lemma field_hom_on_rat_fun_subst: "field_hom_on (rat_fun_field k r) (rat_fun_subst k r s)"
  unfolding field_hom_on_def
proof (intro conjI ballI)
  show "rat_fun_subst k r s 1 = 1"
    using rat_fun_subst_const subfield_1[OF k] by blast
  fix x y assume "x \<in> rat_fun_field k r" "y \<in> rat_fun_field k r"
  then obtain p q p' q' where x: "poly_over k p" "poly_over k q" "q \<noteq> 0" "x = poly p r / poly q r"
    and y: "poly_over k p'" "poly_over k q'" "q' \<noteq> 0" "y = poly p' r / poly q' r"
    by (metis rat_fun_fieldE)
  have nz: "poly q r \<noteq> 0" "poly q' r \<noteq> 0" "poly q s \<noteq> 0" "poly q' s \<noteq> 0"
    using transcendental_poly_nonzero[OF r] transcendental_poly_nonzero[OF s] x y by auto
  have o: "poly_over k (p * q' + p' * q)" "poly_over k (q * q')" "q * q' \<noteq> 0" "poly_over k (p * p')"
    using x y k by (auto intro: poly_over_add poly_over_mult)
  have "x + y = poly (p * q' + p' * q) r / poly (q * q') r"
    by (simp only: x(4) y(4) add_frac_eq[OF nz(1,2)] poly_add poly_mult)
  then have "rat_fun_subst k r s (x + y) = poly (p * q' + p' * q) s / poly (q * q') s"
    by (simp only: rat_fun_subst_eval[OF o(1-3)])
  also have "\<dots> = rat_fun_subst k r s x + rat_fun_subst k r s y"
    by (simp only: x(4) y(4) rat_fun_subst_eval[OF x(1-3)] rat_fun_subst_eval[OF y(1-3)]
        add_frac_eq[OF nz(3,4)] poly_add poly_mult)
  finally show "rat_fun_subst k r s (x + y) = rat_fun_subst k r s x + rat_fun_subst k r s y" .
  have "x * y = poly (p * p') r / poly (q * q') r"
    by (simp only: x(4) y(4) times_divide_times_eq poly_mult)
  then have "rat_fun_subst k r s (x * y) = poly (p * p') s / poly (q * q') s"
    by (simp only: rat_fun_subst_eval[OF o(4,2,3)])
  also have "\<dots> = rat_fun_subst k r s x * rat_fun_subst k r s y"
    by (simp only: x(4) y(4) rat_fun_subst_eval[OF x(1-3)] rat_fun_subst_eval[OF y(1-3)]
        times_divide_times_eq poly_mult)
  finally show "rat_fun_subst k r s (x * y) = rat_fun_subst k r s x * rat_fun_subst k r s y" .
qed

end

definition rat_fun_shift :: "'b::field set \<Rightarrow> 'b \<Rightarrow> 'b \<Rightarrow> 'b \<Rightarrow> 'b" where
  "rat_fun_shift k r d = rat_fun_subst k r (r + d)"

context
  fixes k :: "'b::field set" and r :: 'b
  assumes k: "is_subfield k" and r: "transcendental_over k r"
begin
(* There is an infinite family of undirected graphs (with unit edge lengths) such that, with $n$ the number of vertices, the minimum size of a hierarchical hub labeling is $\Omega(\sqrt n)$ times larger than the minimum size of a hub labeling.
   Context: A hub labeling of an undirected graph $G=(V,E)$, $n=|V|$, assigns to each vertex $v$ a set $L(v)\subseteq V$ such that for every pair $u,w$ (including $u=w$), $L(u)\cap L(w)$ contains a vertex on some shortest $u$–$w$ path; its size is $\sum_v|L(v)|$. It is hierarchical if there is a bijection $\pi:V\to\{1,\dots,n\}$ such that $u\in L(v)$ implies $\pi(u)\le\pi(v)$. *)

theory Defs
  imports Complex_Main
begin

text \<open>An undirected graph with unit edge lengths: finite vertex set V and a symmetric,
irreflexive adjacency relation E (only edges inside V matter).\<close>

definition undirected_graph :: "'a set \<Rightarrow> ('a \<Rightarrow> 'a \<Rightarrow> bool) \<Rightarrow> bool" where
  "undirected_graph V E \<longleftrightarrow> finite V \<and> (\<forall>u v. E u v \<longrightarrow> E v u) \<and> (\<forall>v. \<not> E v v)"

text \<open>A path from u to w: a nonempty list of distinct vertices of V, consecutive ones adjacent.
Its length (number of edges, unit edge lengths) is length p - 1.\<close>

definition is_path :: "'a set \<Rightarrow> ('a \<Rightarrow> 'a \<Rightarrow> bool) \<Rightarrow> 'a \<Rightarrow> 'a \<Rightarrow> 'a list \<Rightarrow> bool" where
  "is_path V E u w p \<longleftrightarrow> p \<noteq> [] \<and> set p \<subseteq> V \<and> distinct p \<and> hd p = u \<and> last p = w \<and>
     (\<forall>i. Suc i < length p \<longrightarrow> E (p ! i) (p ! Suc i))"

definition shortest_path :: "'a set \<Rightarrow> ('a \<Rightarrow> 'a \<Rightarrow> bool) \<Rightarrow> 'a \<Rightarrow> 'a \<Rightarrow> 'a list \<Rightarrow> bool" where
  "shortest_path V E u w p \<longleftrightarrow> is_path V E u w p \<and>
     (\<forall>q. is_path V E u w q \<longrightarrow> length p \<le> length q)"

definition connected_graph :: "'a set \<Rightarrow> ('a \<Rightarrow> 'a \<Rightarrow> bool) \<Rightarrow> bool" where
  "connected_graph V E \<longleftrightarrow> (\<forall>u\<in>V. \<forall>w\<in>V. \<exists>p. is_path V E u w p)"

definition hub_labeling :: "'a set \<Rightarrow> ('a \<Rightarrow> 'a \<Rightarrow> bool) \<Rightarrow> ('a \<Rightarrow> 'a set) \<Rightarrow> bool" where
  "hub_labeling V E L \<longleftrightarrow> (\<forall>v\<in>V. L v \<subseteq> V) \<and>
     (\<forall>u\<in>V. \<forall>w\<in>V. \<exists>x \<in> L u \<inter> L w. \<exists>p. shortest_path V E u w p \<and> x \<in> set p)"

definition hl_size :: "'a set \<Rightarrow> ('a \<Rightarrow> 'a set) \<Rightarrow> nat" where
  "hl_size V L = (\<Sum>v\<in>V. card (L v))"

definition hierarchical :: "'a set \<Rightarrow> ('a \<Rightarrow> 'a set) \<Rightarrow> bool" where
  "hierarchical V L \<longleftrightarrow> (\<exists>\<pi>. bij_betw \<pi> V {1..card V} \<and> (\<forall>v\<in>V. \<forall>u\<in>L v. \<pi> u \<le> \<pi> v))"

definition min_hl_size :: "'a set \<Rightarrow> ('a \<Rightarrow> 'a \<Rightarrow> bool) \<Rightarrow> nat" where
  "min_hl_size V E = (LEAST s. \<exists>L. hub_labeling V E L \<and> hl_size V L = s)"

definition min_hhl_size :: "'a set \<Rightarrow> ('a \<Rightarrow> 'a \<Rightarrow> bool) \<Rightarrow> nat" where
  "min_hhl_size V E = (LEAST s. \<exists>L. hub_labeling V E L \<and> hierarchical V L \<and> hl_size V L = s)"

end

theory Submission
  imports Defs
begin

text \<open>
  The witnesses are the rook graphs: the vertices are the cells of a k x k board, two cells being
  adjacent when they share a row or a column, so n = k^2. This graph has diameter two, hence the
  closed neighbourhoods, each of size at most 2k, form a hub labeling of total size O(k^3).

  Now let L be hierarchical with respect to an order \<pi>, and let x, y be cells in different rows
  and columns, spanning the rectangle with corners x, y, a, b. The only shortest x-y paths are
  x a y and x b y, so if y is the \<pi>-least of the four corners then the common hub of x and y, which
  lies in L y and therefore is not above y, must be y itself: y \<in> L x. Each of the k^2 (k-1)^2 / 4
  rectangles has a \<pi>-least corner and so contributes an entry to the labels, whence every
  hierarchical hub labeling has size at least k^2 (k-1)^2 / 4, a factor \<Omega>(k) = \<Omega>(\<surd>n) more.
\<close>

section \<open>Shortest paths and hub labelings\<close>

lemma is_path_length_1: "is_path V E u w p \<Longrightarrow> length p = 1 \<Longrightarrow> u = w"
  unfolding is_path_def by (cases p) auto

lemma is_path_length_2: "is_path V E u w p \<Longrightarrow> length p = 2 \<Longrightarrow> E u w"
  unfolding is_path_def by (auto simp: length_Suc_conv numeral_2_eq_2)

lemma is_path_length_3:
  "is_path V E u w p \<Longrightarrow> length p = 3 \<Longrightarrow> \<exists>c. p = [u, c, w] \<and> E u c \<and> E c w"
  unfolding is_path_def by (auto simp: length_Suc_conv numeral_3_eq_3 less_Suc_eq)

lemma shortest_path_exists: "is_path V E u w p \<Longrightarrow> \<exists>q. shortest_path V E u w q"
  unfolding shortest_path_def by (rule ex_has_least_nat[where m = length])

lemma shortest_path_refl: "u \<in> V \<Longrightarrow> shortest_path V E u u [u]"
  unfolding shortest_path_def is_path_def by (auto simp: Suc_le_eq)

lemma shortest_path_edge:
  assumes "u \<in> V" "w \<in> V" "u \<noteq> w" "E u w"
  shows "shortest_path V E u w [u, w]"
  unfolding shortest_path_def
proof
  show "is_path V E u w [u, w]"
    using assms unfolding is_path_def by (auto simp: less_Suc_eq)
  show "\<forall>q. is_path V E u w q \<longrightarrow> length [u, w] \<le> length q"
  proof (intro allI impI)
    fix q assume q: "is_path V E u w q"
    then have "length q \<noteq> 0" "length q \<noteq> 1"
      using is_path_length_1[OF q] \<open>u \<noteq> w\<close> unfolding is_path_def by auto
    then show "length [u, w] \<le> length q" by (simp only: list.size)
  qed
qed

lemma shortest_path_two_steps:
  assumes "u \<in> V" "c \<in> V" "w \<in> V" "distinct [u, c, w]" "E u c" "E c w" "\<not> E u w"
  shows "shortest_path V E u w [u, c, w]"
  unfolding shortest_path_def
proof
  show "is_path V E u w [u, c, w]"
    using assms unfolding is_path_def by (auto simp: less_Suc_eq)
  show "\<forall>q. is_path V E u w q \<longrightarrow> length [u, c, w] \<le> length q"
  proof (intro allI impI)
    fix q assume q: "is_path V E u w q"
    then have "length q \<noteq> 0" "length q \<noteq> 1" "length q \<noteq> 2"
      using is_path_length_1[OF q] is_path_length_2[OF q] assms(4,7) unfolding is_path_def by auto
    then show "length [u, c, w] \<le> length q" by (simp only: list.size)
  qed
qed
lemma osc_integrand_bound:
  assumes "schwartz f"
  shows "\<exists>C. \<forall>x \<xi> y. norm (osc_integrand f k j n x \<xi> y) \<le> C * inverse (1 + (y - x)\<^sup>2)"
proof -
  obtain C where "\<And>t. norm (window_moment f j n t) \<le> C * inverse (1 + t\<^sup>2)"
    using window_moment_bound[OF assms] by blast
  then show ?thesis
    by (auto simp: osc_integrand_def norm_mult)
qed

lemma integrable_osc_integrand:
  assumes "schwartz f"
  shows "integrable lborel (osc_integrand f k j n x \<xi>)"
proof -
  obtain C where C: "\<And>y. norm (osc_integrand f k j n x \<xi> y) \<le> C * inverse (1 + (y - x)\<^sup>2)"
    using osc_integrand_bound[OF assms] by blast
  show ?thesis
  proof (rule Bochner_Integration.integrable_bound)
    show "integrable lborel (\<lambda>y. C * inverse (1 + (y - x)\<^sup>2))"
      using integrable_inverse_1_plus_square_shift by simp
    show "osc_integrand f k j n x \<xi> \<in> borel_measurable lborel"
      using osc_integrand_continuous_on[OF assms] by (simp add: borel_measurable_continuous_onI)
    show "AE y in lborel. norm (osc_integrand f k j n x \<xi> y) \<le> norm (C * inverse (1 + (y - x)\<^sup>2))"
      using C by (auto intro: order_trans[OF _ abs_ge_self])
  qed
qed

lemma osc_integral_bounded:
  assumes "schwartz f"
  shows "\<exists>C. \<forall>x \<xi>. norm (osc_integral f k j n x \<xi>) \<le> C"
proof -
  obtain C where C: "\<And>x \<xi> y. norm (osc_integrand f k j n x \<xi> y) \<le> C * inverse (1 + (y - x)\<^sup>2)"
    using osc_integrand_bound[OF assms] by blast
  have "norm (osc_integral f k j n x \<xi>) \<le> C * pi" for x \<xi>
  proof -
    have "norm (osc_integral f k j n x \<xi>) \<le> (\<integral>y. C * inverse (1 + (y - x)\<^sup>2) \<partial>lborel)"
      unfolding osc_integral_def
      by (rule Bochner_Integration.integral_norm_bound_integral)
        (use integrable_osc_integrand[OF assms] integrable_inverse_1_plus_square_shift C in auto)
    also have "\<dots> = C * pi"
      by (simp add: integral_inverse_1_plus_square_shift)
    finally show ?thesis .
  qed
  then show ?thesis by blast
qed

definition taylor_coeff :: "nat \<Rightarrow> nat \<Rightarrow> real \<Rightarrow> real" where
  "taylor_coeff k m x = real (2 * k) * real ((2 * k - 1) choose m) * x ^ (2 * k - 1 - m)"

lemma phase_derivative_taylor:
  "real (2 * k) * y ^ (2 * k - 1) = (\<Sum>m\<le>2 * k - 1. taylor_coeff k m x * (y - x) ^ m)"
proof -
  have "y ^ (2 * k - 1) = ((y - x) + x) ^ (2 * k - 1)" by simp
  also have "\<dots> = (\<Sum>m\<le>2 * k - 1. real ((2 * k - 1) choose m) * (y - x) ^ m * x ^ (2 * k - 1 - m))"
    by (rule binomial_ring)
  finally show ?thesis
    by (simp add: taylor_coeff_def sum_distrib_left mult_ac)
qed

= = = = = = =

**Task**
Using the data above, repeat exactly the lines that begin at the line with "V \<Longrightarrow> shortest_path" and end at the line with "using is_path_length_1[OF q] \<open>u", both ends included.

**Exercise answer**
lemma shortest_path_refl: "u \<in> V \<Longrightarrow> shortest_path V E u u [u]"
  unfolding shortest_path_def is_path_def by (auto simp: Suc_le_eq)

lemma shortest_path_edge:
  assumes "u \<in> V" "w \<in> V" "u \<noteq> w" "E u w"
  shows "shortest_path V E u w [u, w]"
  unfolding shortest_path_def
proof
  show "is_path V E u w [u, w]"
    using assms unfolding is_path_def by (auto simp: less_Suc_eq)
  show "\<forall>q. is_path V E u w q \<longrightarrow> length [u, w] \<le> length q"
  proof (intro allI impI)
    fix q assume q: "is_path V E u w q"
    then have "length q \<noteq> 0" "length q \<noteq> 1"
      using is_path_length_1[OF q] \<open>u \<noteq> w\<close> unfolding is_path_def by auto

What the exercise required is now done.